Data for the task START

lemma hclass_eqI: "homotopic p q \<Longrightarrow> hclass p = hclass q"
  unfolding hclass_def by (blast intro: homotopic_trans homotopic_sym)

lemma homotopic_some_hclass: "homotopic p (SOME q. q \<in> hclass p)"
  using someI[of "\<lambda>q. q \<in> hclass p" p] by (simp add: hclass_def)

lemma pi1_mult_hclass: "hclass p \<otimes>\<^bsub>pi1 w\<^esub> hclass q = hclass (q @ p)"
  unfolding pi1_def
  by (simp add: hclass_eqI[OF homotopic_sym[OF homotopic_append[OF
        homotopic_some_hclass[of q] homotopic_some_hclass[of p]]]])

lemma pi1_one_hclass: "\<one>\<^bsub>pi1 w\<^esub> = hclass [(w, w, w)]"
  by (simp add: pi1_def)

lemma hclass_in_pi1: "is_path p w w \<Longrightarrow> hclass p \<in> carrier (pi1 w)"
  by (auto simp: pi1_def)

lemma pi1_carrierE:
  assumes "X \<in> carrier (pi1 w)"
  obtains p where "is_path p w w" "X = hclass p"
  using assms by (auto simp: pi1_def)

lemma star_morphism_closed: "star_morphism f A B \<Longrightarrow> x \<in> ccarrier A \<Longrightarrow> f x \<in> ccarrier B"
  unfolding star_morphism_def by blast

lemma star_isomorphism_closed: "star_isomorphism f A B \<Longrightarrow> x \<in> ccarrier A \<Longrightarrow> f x \<in> ccarrier B"
  unfolding star_isomorphism_def star_morphism_def by blast

lemma star_isomorphism_inj:
  "star_isomorphism f A B \<Longrightarrow> x \<in> ccarrier A \<Longrightarrow> y \<in> ccarrier A \<Longrightarrow> f x = f y \<Longrightarrow> x = y"
  unfolding star_isomorphism_def by (meson bij_betw_imp_inj_on inj_onD)

lemma star_isomorphism_imp_star_morphism: "star_isomorphism f A B \<Longrightarrow> star_morphism f A B"
  unfolding star_isomorphism_def by blast

lemma star_morphism_comp:
  "star_morphism f A B \<Longrightarrow> star_morphism g B C \<Longrightarrow> star_morphism (g \<circ> f) A C"
  unfolding star_morphism_def by auto

lemma star_isomorphism_comp:
  "star_isomorphism f A B \<Longrightarrow> star_isomorphism g B C \<Longrightarrow> star_isomorphism (g \<circ> f) A C"
  unfolding star_isomorphism_def using star_morphism_comp bij_betw_trans by blast

lemma star_isomorphism_id: "unital_cstar_alg A \<Longrightarrow> star_isomorphism (\<lambda>x. x) A A"
  unfolding star_isomorphism_def star_morphism_def unital_cstar_alg_def by (simp add: bij_betw_def)

lemma star_isomorphism_inv_into:
  assumes A: "unital_cstar_alg A" and f: "star_isomorphism f A B"
  shows "star_isomorphism (inv_into (ccarrier A) f) B A"
proof -
  let ?g = "inv_into (ccarrier A) f"
  have bij: "bij_betw f (ccarrier A) (ccarrier B)" and sm: "star_morphism f A B"
    using f unfolding star_isomorphism_def by auto
  have bij_g: "bij_betw ?g (ccarrier B) (ccarrier A)" by (rule bij_betw_inv_into[OF bij])
  have g_closed: "?g x \<in> ccarrier A" if "x \<in> ccarrier B" for x
    using bij_g that bij_betw_apply by fast
  have f_g: "f (?g x) = x" if "x \<in> ccarrier B" for x
    using bij that by (meson bij_betw_inv_into_right)
  have g_eqI: "?g y = z" if "z \<in> ccarrier A" "f z = y" for y z
    using bij that by (metis bij_betw_imp_inj_on inv_into_f_f)
  note ops = sm[unfolded star_morphism_def] A[unfolded unital_cstar_alg_def]
  have "star_morphism ?g B A"
    unfolding star_morphism_def
  proof (intro conjI ballI allI)
    fix x y c assume x: "x \<in> ccarrier B" and y: "y \<in> ccarrier B"
    note xy = g_closed[OF x] g_closed[OF y] f_g[OF x] f_g[OF y]
    show "?g (cadd B x y) = cadd A (?g x) (?g y)" by (rule g_eqI) (use ops xy in auto)
    show "?g (cmul B x y) = cmul A (?g x) (?g y)" by (rule g_eqI) (use ops xy in auto)
  next
    fix x c assume x: "x \<in> ccarrier B"
    note xx = g_closed[OF x] f_g[OF x]
    show "?g x \<in> ccarrier A" by (rule g_closed[OF x])
    show "?g (cscale B c x) = cscale A c (?g x)" by (rule g_eqI) (use ops xx in auto)
    show "?g (cinvol B x) = cinvol A (?g x)" by (rule g_eqI) (use ops xx in auto)
  qed
  then show ?thesis using bij_g unfolding star_isomorphism_def by blast
qed

lemma star_isomorphism_unit:
  assumes A: "unital_cstar_alg A" and B: "unital_cstar_alg B" and f: "star_isomorphism f A B"
  shows "f (cone A) = cone B"
proof -
  have sm: "star_morphism f A B" by (rule star_isomorphism_imp_star_morphism[OF f])
  obtain u where u: "u \<in> ccarrier A" "f u = cone B"
    using f B unfolding star_isomorphism_def unital_cstar_alg_def by (metis bij_betw_iff_bijections)
  have one_A: "cone A \<in> ccarrier A" and one_B: "cone B \<in> ccarrier B"
    using A B unfolding unital_cstar_alg_def by auto
  have "f (cone A) = cmul B (f (cone A)) (cone B)"
    using B star_morphism_closed[OF sm one_A] unfolding unital_cstar_alg_def by simp
  also have "\<dots> = f (cmul A (cone A) u)" using sm u one_A unfolding star_morphism_def by metis
  also have "\<dots> = cone B" using A u unfolding unital_cstar_alg_def by simp
  finally show ?thesis .
qed

section \<open>Transport in a net bundle\<close>

lemma net_bundle_algebra: "net_bundle A j \<Longrightarrow> unital_cstar_alg (A w)"
  unfolding net_bundle_def by blast

lemma net_bundle_star_isomorphism:
  "net_bundle A j \<Longrightarrow> a \<le> w \<Longrightarrow> star_isomorphism (j w a) (A a) (A w)"
  unfolding net_bundle_def star_isomorphism_def unital_star_morphism_def by blast

lemma net_bundle_compose:
  "net_bundle A j \<Longrightarrow> e \<le> a \<Longrightarrow> a \<le> w \<Longrightarrow> x \<in> ccarrier (A e) \<Longrightarrow> j w a (j a e x) = j w e x"
  unfolding net_bundle_def by blast

lemma net_bundle_refl:
  assumes N: "net_bundle A j" and x: "x \<in> ccarrier (A w)"
  shows "j w w x = x"
proof -
  have j: "star_isomorphism (j w w) (A w) (A w)" using net_bundle_star_isomorphism[OF N] by simp
  have "j w w (j w w x) = j w w x" using net_bundle_compose[OF N _ _ x] by simp
  then show ?thesis using star_isomorphism_inj[OF j star_isomorphism_closed[OF j x] x] by simp
qed

lemma hol1_closed:
  assumes N: "net_bundle A j" and b: "is_simplex1 b" and x: "x \<in> ccarrier (A (d1 b))"
  shows "hol1 A j b x \<in> ccarrier (A (d0 b))"
    and "j (supp b) (d0 b) (hol1 A j b x) = j (supp b) (d1 b) x"
proof -
  have le: "d0 b \<le> supp b" "d1 b \<le> supp b" using b unfolding is_simplex1_def by auto
  have "bij_betw (j (supp b) (d0 b)) (ccarrier (A (d0 b))) (ccarrier (A (supp b)))"
    using net_bundle_star_isomorphism[OF N le(1)] unfolding star_isomorphism_def by blast
  moreover have "j (supp b) (d1 b) x \<in> ccarrier (A (supp b))"
    by (rule star_isomorphism_closed[OF net_bundle_star_isomorphism[OF N le(2)] x])
  ultimately show "hol1 A j b x \<in> ccarrier (A (d0 b))"
    and "j (supp b) (d0 b) (hol1 A j b x) = j (supp b) (d1 b) x"
    unfolding hol1_def comp_def by (meson bij_betw_inv_into_right bij_betw_apply bij_betw_inv_into)+
qed

lemma hol1_eq_iff:
  assumes N: "net_bundle A j" and b: "is_simplex1 b" and S: "supp b \<le> S"
    and x: "x \<in> ccarrier (A (d1 b))" and y: "y \<in> ccarrier (A (d0 b))"
  shows "hol1 A j b x = y \<longleftrightarrow> j S (d0 b) y = j S (d1 b) x"
proof -
  have le: "d0 b \<le> supp b" "d1 b \<le> supp b" using b unfolding is_simplex1_def by auto
  note hx = hol1_closed[OF N b x]
  have "j S (d0 b) (hol1 A j b x) = j S (supp b) (j (supp b) (d0 b) (hol1 A j b x))"
    using net_bundle_compose[OF N le(1) S hx(1)] by simp
  also have "\<dots> = j S (d1 b) x" using hx(2) net_bundle_compose[OF N le(2) S x] by simp
  finally have "j S (d0 b) (hol1 A j b x) = j S (d1 b) x" .
  moreover have "star_isomorphism (j S (d0 b)) (A (d0 b)) (A S)"
    using net_bundle_star_isomorphism[OF N] le(1) S by (blast intro: order_trans)
  ultimately show ?thesis using star_isomorphism_inj[OF _ hx(1) y] by metis
qed
lemma chi_EK_eq_taylor:
  assumes "\<kappa> > 0" "\<kappa> \<le> real (Suc m)" "continuous_on UNIV f"
  shows "chi \<kappa> (EK \<kappa> (real (Suc m) - \<kappa>) f) = hausdorff_op (taylor_kernel m) f"
    and "EK \<kappa> (real (Suc m) - \<kappa>) (chi \<kappa> f) = hausdorff_op (taylor_kernel m) f"
proof -
  have "chi \<kappa> (EK \<kappa> (real (Suc m) - \<kappa>) f) = hausdorff_op (EK_kernel 0 (real (Suc m))) f
    \<and> EK \<kappa> (real (Suc m) - \<kappa>) (chi \<kappa> f) = hausdorff_op (EK_kernel 0 (real (Suc m))) f"
  proof (cases "\<kappa> = real (Suc m)")
    case True
    then show ?thesis
      by (simp add: chi_eq_hausdorff_op)
  next
    case False
    then have "real (Suc m) - \<kappa> > 0"
      using assms(2) by simp
    with hausdorff_op_EK_kernel_compose[of 0 \<kappa> "real (Suc m) - \<kappa>", OF _ assms(1) _ assms(3)]
    show ?thesis
      by (simp add: chi_eq_hausdorff_op EK_eq_hausdorff_op)
  qed
  then show "chi \<kappa> (EK \<kappa> (real (Suc m) - \<kappa>) f) = hausdorff_op (taylor_kernel m) f"
    and "EK \<kappa> (real (Suc m) - \<kappa>) (chi \<kappa> f) = hausdorff_op (taylor_kernel m) f"
    by (simp_all only: hausdorff_op_EK_kernel_Suc)
qed

lemma Dprod_EK_chi:
  assumes "\<kappa> > 0" "\<kappa> \<le> real n" "f \<in> Cinf"
  shows "Dprod n (EK \<kappa> (real n - \<kappa>) (chi \<kappa> f)) = f"
proof -
  obtain m where n: "n = Suc m"
    using assms(1,2) by (cases n) auto
  have "Dprod n (EK \<kappa> (real n - \<kappa>) (chi \<kappa> f)) = Dprod n (hausdorff_op (taylor_kernel m) f)"
    using chi_EK_eq_taylor(2)[OF assms(1) _ Cinf_continuous_on[OF assms(3)], of m] assms(2)
    unfolding n by simp
  also have "\<dots> = f"
    unfolding n by (rule Dprod_hausdorff_op_taylor_kernel[OF assms(3)])
  finally show ?thesis .
qed
(* If $\nu\in\left(-1,-\tfrac12\right]$ and $a,b\ge0$, then $$|\mathcal{I}_\nu(a)-\mathcal{I}_\nu(b)|\ge |a-b|\sqrt{\mathcal{I}_\nu'(a)\,\mathcal{I}_\nu'(b)}.$$ Moreover, this inequality holds for every $\nu>-1$ and all $a,b\in\left(0,\sqrt{2(\nu+3)}\right)$.
   Context: For $\nu>-1$ define $\mathcal{I}_\nu:\mathbb{R}\to[1,\infty)$ by $\mathcal{I}_\nu(x)=\sum_{n\ge0}\frac{(1/4)^n}{(\nu+1)_n\, n!}x^{2n}$, where $(a)_n=a(a+1)\cdots(a+n-1)$, $(a)_0=1$. Equivalently $\mathcal{I}_\nu(x)=2^\nu\Gamma(\nu+1)x^{-\nu}I_\nu(x)$ for $x>0$, where $I_\nu$ is the modified Bessel function of the first kind. *)

theory Defs
  imports "HOL-Analysis.Analysis"
begin

text \<open>Normalized modified Bessel function
  calI nu x = sum_{n>=0} (1/4)^n / ((nu+1)_n n!) x^(2n), intended for nu > -1.\<close>
definition calI :: "real \<Rightarrow> real \<Rightarrow> real" where
  "calI \<nu> x = (\<Sum>n. (1/4) ^ n / (pochhammer (\<nu> + 1) n * fact n) * x ^ (2 * n))"

end

theory Submission
  imports Defs
begin

text \<open>
  Write \<open>calI \<nu> x = F\<^sub>\<nu>\<^sub>+\<^sub>1(x\<^sup>2)\<close>, where \<open>F\<^sub>q(z) = \<Sum>\<^sub>n z\<^sup>n / (4\<^sup>n (q)\<^sub>n n!)\<close> solves
  \<open>z F'' + q F' = F / 4\<close>; then \<open>calI\<^sub>\<nu>' x = x F\<^sub>\<nu>\<^sub>+\<^sub>2(x\<^sup>2) / (2 (\<nu> + 1))\<close>.
  If \<open>G = calI\<^sub>\<nu>'\<close> is log-concave on \<open>[a, b]\<close>, then \<open>G t G (a + b - t) \<ge> G a G b\<close>, and integrating
  \<open>(G t + G (a + b - t)) / 2 \<ge> sqrt (G a G b)\<close> over \<open>[a, b]\<close> gives the inequality.
  Log-concavity of \<open>x F\<^sub>q(x\<^sup>2)\<close> amounts to \<open>J\<^sub>q(x\<^sup>2) \<ge> 0\<close> for the quadratic form
  \<open>J\<^sub>q = (1 - z) F\<^sup>2 + (4q - 2) z F F' + 4 z\<^sup>2 F'\<^sup>2\<close>. Comparing coefficients gives
  \<open>F' (4q(q + 1) + z) \<ge> (q + 1) F\<close>, which forces \<open>J\<^sub>q \<ge> 0\<close> for \<open>z \<le> 2 (q + 1)\<close>; beyond that point
  \<open>z\<^sup>-\<^sup>k J\<^sub>q(z)\<close> with \<open>k = (3 - 2q) / 2\<close> is nondecreasing, which covers all \<open>z\<close> when
  \<open>q = \<nu> + 2 \<le> 3/2\<close>.
\<close>

lemma convex_on_cong_on:
  assumes "convex_on S f" and "\<And>x. x \<in> S \<Longrightarrow> f x = g x"
  shows "convex_on S g"
proof -
  have "g (u *\<^sub>R x + v *\<^sub>R y) \<le> u * g x + v * g y"
    if "x \<in> S" "y \<in> S" "u \<ge> 0" "v \<ge> 0" "u + v = 1" for x y u v
  proof -
    have "u *\<^sub>R x + v *\<^sub>R y \<in> S"
      using assms(1) that unfolding convex_on_def convex_def by blast
    moreover have "f (u *\<^sub>R x + v *\<^sub>R y) \<le> u * f x + v * f y"
      using assms(1) that unfolding convex_on_def by blast
    ultimately show ?thesis using assms(2) that by simp
  qed
  then show ?thesis using assms(1) unfolding convex_on_def by blast
qed

lemma log_concave_deriv_increment_ge:
  fixes F G :: "real \<Rightarrow> real"
  assumes ab: "a \<le> b"
    and F: "\<And>x. x \<in> {a..b} \<Longrightarrow> (F has_real_derivative G x) (at x)"
    and G: "\<And>x. x \<in> {a..b} \<Longrightarrow> G x > 0"
    and log_concave: "convex_on {a..b} (\<lambda>x. - ln (G x))"
  shows "(b - a) * sqrt (G a * G b) \<le> F b - F a"
proof -
  have reflect: "G a * G b \<le> G t * G (a + b - t)" if t: "t \<in> {a..b}" for t
  proof (cases "a = b")
    case False
    define l where "l = (t - a) / (b - a)"
    have l: "0 \<le> l" "l \<le> 1" and "l * (b - a) = t - a"
      using t ab False unfolding l_def by auto
    then have "t = (1 - l) *\<^sub>R a + l *\<^sub>R b" and "a + b - t = (1 - (1 - l)) *\<^sub>R a + (1 - l) *\<^sub>R b"
      by (simp_all add: algebra_simps)
    moreover have "a \<in> {a..b}" "b \<in> {a..b}" using ab by auto
    ultimately have "- ln (G t) \<le> (1 - l) * - ln (G a) + l * - ln (G b)"
      and "- ln (G (a + b - t)) \<le> (1 - (1 - l)) * - ln (G a) + (1 - l) * - ln (G b)"
      using convex_onD[OF log_concave, of l a b] convex_onD[OF log_concave, of "1 - l" a b] l
      by simp_all
    moreover have pos: "G a > 0" "G b > 0" "G t > 0" "G (a + b - t) > 0"
      using G t ab by auto
    ultimately have "ln (G a * G b) \<le> ln (G t * G (a + b - t))"
      by (simp add: ln_mult algebra_simps)
    then show ?thesis using pos by simp
  qed (use t in simp)
  define c where "c = sqrt (G a * G b)"
  define \<Psi> where "\<Psi> t = (F t - F (a + b - t)) / 2 - c * t" for t
  have "\<Psi> a \<le> \<Psi> b"
  proof (rule DERIV_nonneg_imp_nondecreasing[of a b \<Psi>, OF ab])
    fix t assume t: "a \<le> t" "t \<le> b"
    have "((\<lambda>t. F (a + b - t)) has_real_derivative G (a + b - t) * - 1) (at t)"
      using t by (intro DERIV_chain2[OF F] derivative_eq_intros) auto
    then have "(\<Psi> has_real_derivative (G t - G (a + b - t) * - 1) / 2 - c * 1) (at t)"
      unfolding \<Psi>_def[abs_def] using t F[of t] by (intro derivative_eq_intros) auto
    moreover have "c \<le> (G t + G (a + b - t)) / 2"
    proof -
      have "c \<le> sqrt (G t * G (a + b - t))" unfolding c_def using reflect t by simp
      also have "\<dots> \<le> (G t + G (a + b - t)) / 2"
        using G t by (intro arith_geo_mean_sqrt less_imp_le) auto
      finally show ?thesis .
    qed
    ultimately show "\<exists>y. (\<Psi> has_real_derivative y) (at t) \<and> 0 \<le> y" by force
  qed
  then show ?thesis unfolding \<Psi>_def c_def by (simp add: field_simps)
qed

Data for the task END

**Task to complete:** Work out how many lines in the records include "which". Only the number should be given.

**Solution:** 2